━━━━━ Supplied material ━━━━━

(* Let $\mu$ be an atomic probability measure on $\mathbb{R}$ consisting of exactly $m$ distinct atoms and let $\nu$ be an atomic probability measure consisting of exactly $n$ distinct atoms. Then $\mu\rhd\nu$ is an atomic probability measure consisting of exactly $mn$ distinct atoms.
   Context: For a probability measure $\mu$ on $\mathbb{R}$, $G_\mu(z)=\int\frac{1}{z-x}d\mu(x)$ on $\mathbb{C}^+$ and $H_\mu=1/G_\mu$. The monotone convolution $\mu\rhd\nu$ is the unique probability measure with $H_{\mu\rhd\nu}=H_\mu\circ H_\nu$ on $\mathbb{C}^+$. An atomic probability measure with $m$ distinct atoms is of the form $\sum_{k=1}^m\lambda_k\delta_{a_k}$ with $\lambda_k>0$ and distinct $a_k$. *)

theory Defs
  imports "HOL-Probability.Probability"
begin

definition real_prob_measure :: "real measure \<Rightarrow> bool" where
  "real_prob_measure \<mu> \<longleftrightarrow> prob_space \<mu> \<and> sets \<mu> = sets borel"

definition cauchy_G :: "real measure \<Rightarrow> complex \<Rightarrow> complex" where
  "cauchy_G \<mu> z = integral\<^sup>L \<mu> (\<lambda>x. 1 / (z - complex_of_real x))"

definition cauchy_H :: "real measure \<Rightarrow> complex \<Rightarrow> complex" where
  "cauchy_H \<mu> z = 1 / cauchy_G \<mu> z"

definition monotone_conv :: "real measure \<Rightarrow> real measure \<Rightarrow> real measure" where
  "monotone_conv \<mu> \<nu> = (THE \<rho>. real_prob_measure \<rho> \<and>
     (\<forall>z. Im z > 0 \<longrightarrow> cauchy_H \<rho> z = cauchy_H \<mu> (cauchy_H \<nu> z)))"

━━━━━
━━━━━ Supplied material ━━━━━

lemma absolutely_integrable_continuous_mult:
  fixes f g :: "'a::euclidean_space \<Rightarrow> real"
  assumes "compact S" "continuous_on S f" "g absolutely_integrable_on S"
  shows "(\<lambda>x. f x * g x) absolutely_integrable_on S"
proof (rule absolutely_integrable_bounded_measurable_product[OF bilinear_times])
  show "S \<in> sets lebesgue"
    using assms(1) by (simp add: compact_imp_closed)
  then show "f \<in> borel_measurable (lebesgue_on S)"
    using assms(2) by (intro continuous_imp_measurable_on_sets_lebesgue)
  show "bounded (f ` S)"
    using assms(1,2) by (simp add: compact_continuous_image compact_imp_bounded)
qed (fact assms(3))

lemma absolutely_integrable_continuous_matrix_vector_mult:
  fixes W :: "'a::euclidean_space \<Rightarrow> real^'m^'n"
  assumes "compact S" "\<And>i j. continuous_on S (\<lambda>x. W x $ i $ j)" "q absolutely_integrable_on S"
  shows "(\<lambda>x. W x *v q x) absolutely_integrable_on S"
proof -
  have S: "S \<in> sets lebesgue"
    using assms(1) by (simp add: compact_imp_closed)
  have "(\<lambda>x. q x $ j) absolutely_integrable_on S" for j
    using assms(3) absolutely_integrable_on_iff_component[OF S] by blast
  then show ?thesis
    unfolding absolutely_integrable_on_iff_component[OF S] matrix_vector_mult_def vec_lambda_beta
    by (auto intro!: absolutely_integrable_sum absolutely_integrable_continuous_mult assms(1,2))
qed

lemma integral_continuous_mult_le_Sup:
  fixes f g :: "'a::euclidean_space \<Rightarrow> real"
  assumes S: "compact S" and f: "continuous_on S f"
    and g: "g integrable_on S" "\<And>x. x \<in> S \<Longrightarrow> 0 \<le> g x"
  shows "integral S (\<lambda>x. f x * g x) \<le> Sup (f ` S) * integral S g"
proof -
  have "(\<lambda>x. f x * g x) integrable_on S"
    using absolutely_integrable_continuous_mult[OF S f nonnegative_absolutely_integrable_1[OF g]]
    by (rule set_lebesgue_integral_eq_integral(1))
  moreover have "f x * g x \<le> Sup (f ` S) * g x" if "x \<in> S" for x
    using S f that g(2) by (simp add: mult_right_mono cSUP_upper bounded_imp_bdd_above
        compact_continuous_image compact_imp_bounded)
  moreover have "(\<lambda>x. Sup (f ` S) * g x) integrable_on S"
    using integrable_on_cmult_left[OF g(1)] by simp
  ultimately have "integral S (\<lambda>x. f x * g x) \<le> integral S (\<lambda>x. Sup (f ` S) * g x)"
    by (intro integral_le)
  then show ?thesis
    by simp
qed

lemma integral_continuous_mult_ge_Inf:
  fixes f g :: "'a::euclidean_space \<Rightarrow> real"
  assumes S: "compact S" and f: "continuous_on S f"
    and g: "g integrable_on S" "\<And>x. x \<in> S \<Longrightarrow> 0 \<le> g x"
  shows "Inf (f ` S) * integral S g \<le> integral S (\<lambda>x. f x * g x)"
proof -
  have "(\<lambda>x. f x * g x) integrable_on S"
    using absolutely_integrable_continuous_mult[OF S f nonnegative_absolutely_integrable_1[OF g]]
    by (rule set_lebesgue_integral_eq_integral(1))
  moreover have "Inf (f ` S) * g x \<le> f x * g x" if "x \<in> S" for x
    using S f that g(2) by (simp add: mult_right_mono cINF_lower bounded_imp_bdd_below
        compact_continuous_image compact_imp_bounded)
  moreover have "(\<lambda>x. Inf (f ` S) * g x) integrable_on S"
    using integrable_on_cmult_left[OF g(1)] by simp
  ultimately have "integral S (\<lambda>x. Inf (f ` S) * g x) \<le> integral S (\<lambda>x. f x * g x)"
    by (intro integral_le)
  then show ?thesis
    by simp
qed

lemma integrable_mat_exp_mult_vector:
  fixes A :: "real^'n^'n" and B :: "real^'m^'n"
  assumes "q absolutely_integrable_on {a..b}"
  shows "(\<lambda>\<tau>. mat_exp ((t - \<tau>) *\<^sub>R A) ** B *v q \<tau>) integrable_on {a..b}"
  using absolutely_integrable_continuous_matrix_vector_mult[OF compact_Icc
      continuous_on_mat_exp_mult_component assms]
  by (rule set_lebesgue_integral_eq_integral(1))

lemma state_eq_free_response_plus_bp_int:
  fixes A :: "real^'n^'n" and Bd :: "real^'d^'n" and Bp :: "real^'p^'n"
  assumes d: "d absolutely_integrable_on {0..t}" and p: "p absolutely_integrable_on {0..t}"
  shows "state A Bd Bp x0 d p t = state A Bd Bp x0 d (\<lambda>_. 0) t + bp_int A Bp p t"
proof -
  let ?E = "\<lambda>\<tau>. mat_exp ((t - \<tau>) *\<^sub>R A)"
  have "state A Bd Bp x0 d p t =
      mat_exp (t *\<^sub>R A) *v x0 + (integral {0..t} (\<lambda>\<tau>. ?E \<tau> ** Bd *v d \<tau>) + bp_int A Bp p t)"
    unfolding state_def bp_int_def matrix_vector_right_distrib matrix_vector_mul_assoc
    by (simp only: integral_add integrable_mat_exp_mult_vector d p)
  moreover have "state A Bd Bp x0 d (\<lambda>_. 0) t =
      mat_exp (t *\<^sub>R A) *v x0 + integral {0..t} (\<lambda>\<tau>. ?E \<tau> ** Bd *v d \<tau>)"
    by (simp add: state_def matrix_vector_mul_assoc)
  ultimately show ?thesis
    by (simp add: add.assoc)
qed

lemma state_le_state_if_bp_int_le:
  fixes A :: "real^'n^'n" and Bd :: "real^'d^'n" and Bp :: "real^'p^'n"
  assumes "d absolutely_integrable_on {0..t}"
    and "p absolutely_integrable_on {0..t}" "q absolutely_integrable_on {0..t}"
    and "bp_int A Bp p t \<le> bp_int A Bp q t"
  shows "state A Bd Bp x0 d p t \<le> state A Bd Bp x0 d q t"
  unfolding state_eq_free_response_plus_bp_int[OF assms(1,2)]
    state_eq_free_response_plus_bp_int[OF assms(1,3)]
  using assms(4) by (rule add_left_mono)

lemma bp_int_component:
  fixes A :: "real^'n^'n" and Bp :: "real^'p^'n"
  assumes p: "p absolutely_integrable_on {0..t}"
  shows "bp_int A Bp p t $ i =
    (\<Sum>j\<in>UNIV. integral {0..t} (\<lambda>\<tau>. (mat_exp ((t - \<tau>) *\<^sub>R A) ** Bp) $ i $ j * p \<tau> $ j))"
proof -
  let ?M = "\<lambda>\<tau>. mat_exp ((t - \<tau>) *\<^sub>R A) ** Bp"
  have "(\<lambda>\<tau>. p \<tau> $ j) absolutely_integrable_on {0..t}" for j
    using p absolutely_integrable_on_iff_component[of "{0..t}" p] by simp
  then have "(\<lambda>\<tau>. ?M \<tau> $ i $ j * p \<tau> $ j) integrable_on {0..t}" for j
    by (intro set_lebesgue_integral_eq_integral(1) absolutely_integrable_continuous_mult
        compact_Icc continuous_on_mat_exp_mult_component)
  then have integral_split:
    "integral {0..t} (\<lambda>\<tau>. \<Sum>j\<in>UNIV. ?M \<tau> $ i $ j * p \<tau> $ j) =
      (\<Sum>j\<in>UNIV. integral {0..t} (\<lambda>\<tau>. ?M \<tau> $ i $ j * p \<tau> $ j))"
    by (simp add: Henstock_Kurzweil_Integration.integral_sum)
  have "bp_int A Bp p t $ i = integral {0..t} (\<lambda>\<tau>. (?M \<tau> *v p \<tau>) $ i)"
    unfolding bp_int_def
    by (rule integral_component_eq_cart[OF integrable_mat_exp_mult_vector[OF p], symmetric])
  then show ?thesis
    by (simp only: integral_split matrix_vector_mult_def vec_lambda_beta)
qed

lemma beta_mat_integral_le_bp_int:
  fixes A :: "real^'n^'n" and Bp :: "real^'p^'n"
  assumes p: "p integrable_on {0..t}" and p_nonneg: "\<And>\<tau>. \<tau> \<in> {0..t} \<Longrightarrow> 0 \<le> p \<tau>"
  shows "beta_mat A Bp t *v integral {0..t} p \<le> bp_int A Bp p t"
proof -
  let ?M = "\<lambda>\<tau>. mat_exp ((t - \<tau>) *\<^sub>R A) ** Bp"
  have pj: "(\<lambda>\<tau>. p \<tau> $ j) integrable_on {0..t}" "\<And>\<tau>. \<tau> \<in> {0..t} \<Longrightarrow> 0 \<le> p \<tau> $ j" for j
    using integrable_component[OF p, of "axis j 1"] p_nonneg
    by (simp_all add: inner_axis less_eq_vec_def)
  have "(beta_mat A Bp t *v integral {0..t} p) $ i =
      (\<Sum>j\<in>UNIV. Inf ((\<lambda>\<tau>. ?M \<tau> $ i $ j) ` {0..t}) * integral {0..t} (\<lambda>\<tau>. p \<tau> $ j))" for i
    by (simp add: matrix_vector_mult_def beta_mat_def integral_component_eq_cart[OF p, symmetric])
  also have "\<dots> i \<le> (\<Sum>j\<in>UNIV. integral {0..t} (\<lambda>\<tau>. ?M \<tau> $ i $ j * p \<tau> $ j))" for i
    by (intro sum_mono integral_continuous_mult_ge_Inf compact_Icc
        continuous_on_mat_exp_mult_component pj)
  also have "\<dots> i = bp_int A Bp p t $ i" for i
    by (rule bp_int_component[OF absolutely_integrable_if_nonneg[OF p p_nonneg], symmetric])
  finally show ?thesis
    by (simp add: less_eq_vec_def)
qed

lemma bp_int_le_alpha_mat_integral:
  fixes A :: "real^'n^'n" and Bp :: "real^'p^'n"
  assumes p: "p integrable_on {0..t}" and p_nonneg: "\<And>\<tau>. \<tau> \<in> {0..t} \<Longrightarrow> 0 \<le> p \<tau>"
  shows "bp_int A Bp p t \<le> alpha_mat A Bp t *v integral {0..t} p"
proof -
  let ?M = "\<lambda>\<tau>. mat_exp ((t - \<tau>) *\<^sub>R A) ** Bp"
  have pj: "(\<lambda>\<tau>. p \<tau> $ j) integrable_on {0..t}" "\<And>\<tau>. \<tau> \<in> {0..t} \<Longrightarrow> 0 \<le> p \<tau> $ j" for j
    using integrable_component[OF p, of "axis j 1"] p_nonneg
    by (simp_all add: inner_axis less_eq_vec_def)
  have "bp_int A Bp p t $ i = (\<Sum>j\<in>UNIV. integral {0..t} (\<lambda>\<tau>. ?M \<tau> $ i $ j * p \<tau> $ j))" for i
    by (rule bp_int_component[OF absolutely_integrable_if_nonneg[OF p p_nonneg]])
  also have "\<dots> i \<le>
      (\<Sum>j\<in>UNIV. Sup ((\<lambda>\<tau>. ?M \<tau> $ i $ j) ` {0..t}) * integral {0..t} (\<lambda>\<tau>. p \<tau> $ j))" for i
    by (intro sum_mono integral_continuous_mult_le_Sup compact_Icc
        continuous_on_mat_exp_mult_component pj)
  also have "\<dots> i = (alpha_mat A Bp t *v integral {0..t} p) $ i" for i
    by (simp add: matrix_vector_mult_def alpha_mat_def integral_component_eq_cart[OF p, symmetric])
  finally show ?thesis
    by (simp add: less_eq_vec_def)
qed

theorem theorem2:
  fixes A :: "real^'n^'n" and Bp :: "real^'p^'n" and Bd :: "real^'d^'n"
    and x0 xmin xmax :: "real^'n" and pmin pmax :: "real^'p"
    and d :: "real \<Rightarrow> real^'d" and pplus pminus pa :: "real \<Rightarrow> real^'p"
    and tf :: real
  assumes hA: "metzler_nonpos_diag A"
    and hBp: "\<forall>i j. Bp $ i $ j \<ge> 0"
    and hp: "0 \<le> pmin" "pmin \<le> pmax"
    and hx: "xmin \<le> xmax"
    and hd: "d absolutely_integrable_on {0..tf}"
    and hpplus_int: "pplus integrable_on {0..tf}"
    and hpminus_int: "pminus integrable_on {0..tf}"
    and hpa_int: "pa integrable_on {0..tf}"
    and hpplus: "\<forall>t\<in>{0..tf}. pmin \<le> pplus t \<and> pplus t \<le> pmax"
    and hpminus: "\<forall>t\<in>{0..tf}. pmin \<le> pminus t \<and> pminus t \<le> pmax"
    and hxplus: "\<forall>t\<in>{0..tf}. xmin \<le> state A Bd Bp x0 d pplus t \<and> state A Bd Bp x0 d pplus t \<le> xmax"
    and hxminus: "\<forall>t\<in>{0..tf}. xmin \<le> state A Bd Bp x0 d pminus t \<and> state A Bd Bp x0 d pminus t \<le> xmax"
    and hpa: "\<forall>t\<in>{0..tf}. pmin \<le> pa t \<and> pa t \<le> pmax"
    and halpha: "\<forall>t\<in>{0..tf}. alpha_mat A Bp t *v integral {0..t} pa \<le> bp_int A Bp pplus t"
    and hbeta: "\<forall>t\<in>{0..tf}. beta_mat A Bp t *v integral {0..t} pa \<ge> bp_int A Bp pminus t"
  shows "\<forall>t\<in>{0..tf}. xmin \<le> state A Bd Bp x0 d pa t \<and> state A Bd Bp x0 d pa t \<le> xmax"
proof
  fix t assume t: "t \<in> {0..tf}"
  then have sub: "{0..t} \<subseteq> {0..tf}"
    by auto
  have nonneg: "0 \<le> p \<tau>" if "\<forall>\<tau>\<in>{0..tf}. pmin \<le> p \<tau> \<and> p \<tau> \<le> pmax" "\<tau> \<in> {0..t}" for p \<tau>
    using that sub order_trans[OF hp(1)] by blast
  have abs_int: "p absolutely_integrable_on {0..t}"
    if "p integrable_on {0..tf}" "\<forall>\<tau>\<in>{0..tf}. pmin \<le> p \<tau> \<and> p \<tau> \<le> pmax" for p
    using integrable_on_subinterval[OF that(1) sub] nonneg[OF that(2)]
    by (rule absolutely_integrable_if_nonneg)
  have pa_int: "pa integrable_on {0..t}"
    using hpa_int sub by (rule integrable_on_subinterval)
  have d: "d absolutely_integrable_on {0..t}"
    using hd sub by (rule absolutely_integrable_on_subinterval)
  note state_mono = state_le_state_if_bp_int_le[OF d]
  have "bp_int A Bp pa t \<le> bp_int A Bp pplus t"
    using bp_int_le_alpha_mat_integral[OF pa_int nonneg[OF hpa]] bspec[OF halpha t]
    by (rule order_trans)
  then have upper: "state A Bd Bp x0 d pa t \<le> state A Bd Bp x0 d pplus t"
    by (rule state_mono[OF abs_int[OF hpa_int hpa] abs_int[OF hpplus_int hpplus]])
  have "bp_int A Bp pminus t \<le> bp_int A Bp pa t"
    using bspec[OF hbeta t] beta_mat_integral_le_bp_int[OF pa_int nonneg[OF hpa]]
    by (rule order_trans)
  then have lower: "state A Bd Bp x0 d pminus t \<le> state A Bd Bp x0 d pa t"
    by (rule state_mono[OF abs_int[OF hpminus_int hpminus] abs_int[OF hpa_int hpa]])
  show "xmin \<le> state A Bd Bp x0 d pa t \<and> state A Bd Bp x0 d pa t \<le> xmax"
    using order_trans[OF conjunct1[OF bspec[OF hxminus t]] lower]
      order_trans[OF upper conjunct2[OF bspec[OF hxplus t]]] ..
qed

━━━━━

An exact copy of the lines above between the line holding "(* Let $\mu$" and the line holding "theory Defs", inclusive, is the whole answer.

> Solution to this exercise:
(* Let $\mu$ be an atomic probability measure on $\mathbb{R}$ consisting of exactly $m$ distinct atoms and let $\nu$ be an atomic probability measure consisting of exactly $n$ distinct atoms. Then $\mu\rhd\nu$ is an atomic probability measure consisting of exactly $mn$ distinct atoms.
   Context: For a probability measure $\mu$ on $\mathbb{R}$, $G_\mu(z)=\int\frac{1}{z-x}d\mu(x)$ on $\mathbb{C}^+$ and $H_\mu=1/G_\mu$. The monotone convolution $\mu\rhd\nu$ is the unique probability measure with $H_{\mu\rhd\nu}=H_\mu\circ H_\nu$ on $\mathbb{C}^+$. An atomic probability measure with $m$ distinct atoms is of the form $\sum_{k=1}^m\lambda_k\delta_{a_k}$ with $\lambda_k>0$ and distinct $a_k$. *)

theory Defs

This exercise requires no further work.